Content starts
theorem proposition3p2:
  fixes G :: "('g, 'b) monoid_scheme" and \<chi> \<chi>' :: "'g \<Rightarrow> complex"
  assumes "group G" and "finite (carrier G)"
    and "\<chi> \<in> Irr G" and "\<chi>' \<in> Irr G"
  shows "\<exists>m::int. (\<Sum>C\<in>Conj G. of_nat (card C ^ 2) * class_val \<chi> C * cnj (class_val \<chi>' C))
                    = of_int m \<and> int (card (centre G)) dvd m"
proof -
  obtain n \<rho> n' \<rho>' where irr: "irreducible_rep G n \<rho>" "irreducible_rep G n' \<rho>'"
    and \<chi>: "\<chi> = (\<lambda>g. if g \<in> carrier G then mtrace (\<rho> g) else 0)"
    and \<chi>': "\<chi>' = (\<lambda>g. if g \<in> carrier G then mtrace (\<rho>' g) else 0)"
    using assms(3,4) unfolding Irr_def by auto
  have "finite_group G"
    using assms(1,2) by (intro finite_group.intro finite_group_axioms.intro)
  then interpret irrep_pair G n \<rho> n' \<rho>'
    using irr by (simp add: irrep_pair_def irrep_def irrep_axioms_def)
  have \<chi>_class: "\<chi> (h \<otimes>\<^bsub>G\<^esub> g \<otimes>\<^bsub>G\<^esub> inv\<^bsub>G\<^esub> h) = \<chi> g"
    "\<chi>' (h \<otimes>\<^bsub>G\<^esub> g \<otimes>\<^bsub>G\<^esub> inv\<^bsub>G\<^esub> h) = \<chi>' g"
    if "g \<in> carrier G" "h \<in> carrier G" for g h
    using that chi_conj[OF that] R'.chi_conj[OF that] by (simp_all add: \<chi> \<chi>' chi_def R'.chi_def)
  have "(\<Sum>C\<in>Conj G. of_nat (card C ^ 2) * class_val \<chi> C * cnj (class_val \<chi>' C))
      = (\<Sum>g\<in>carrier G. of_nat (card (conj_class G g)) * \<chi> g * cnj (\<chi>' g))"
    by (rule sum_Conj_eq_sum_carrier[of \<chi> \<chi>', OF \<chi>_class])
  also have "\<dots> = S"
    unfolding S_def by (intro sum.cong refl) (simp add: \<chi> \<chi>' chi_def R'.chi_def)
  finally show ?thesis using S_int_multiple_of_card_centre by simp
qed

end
Content ends
Set down, exactly as they appear above, all lines from the one that has "using irr by" down to the one that has "inv\<^bsub>G\<^esub> h) = \<chi>'", including those two and no others.

    using irr by (simp add: irrep_pair_def irrep_def irrep_axioms_def)
  have \<chi>_class: "\<chi> (h \<otimes>\<^bsub>G\<^esub> g \<otimes>\<^bsub>G\<^esub> inv\<^bsub>G\<^esub> h) = \<chi> g"
    "\<chi>' (h \<otimes>\<^bsub>G\<^esub> g \<otimes>\<^bsub>G\<^esub> inv\<^bsub>G\<^esub> h) = \<chi>' g"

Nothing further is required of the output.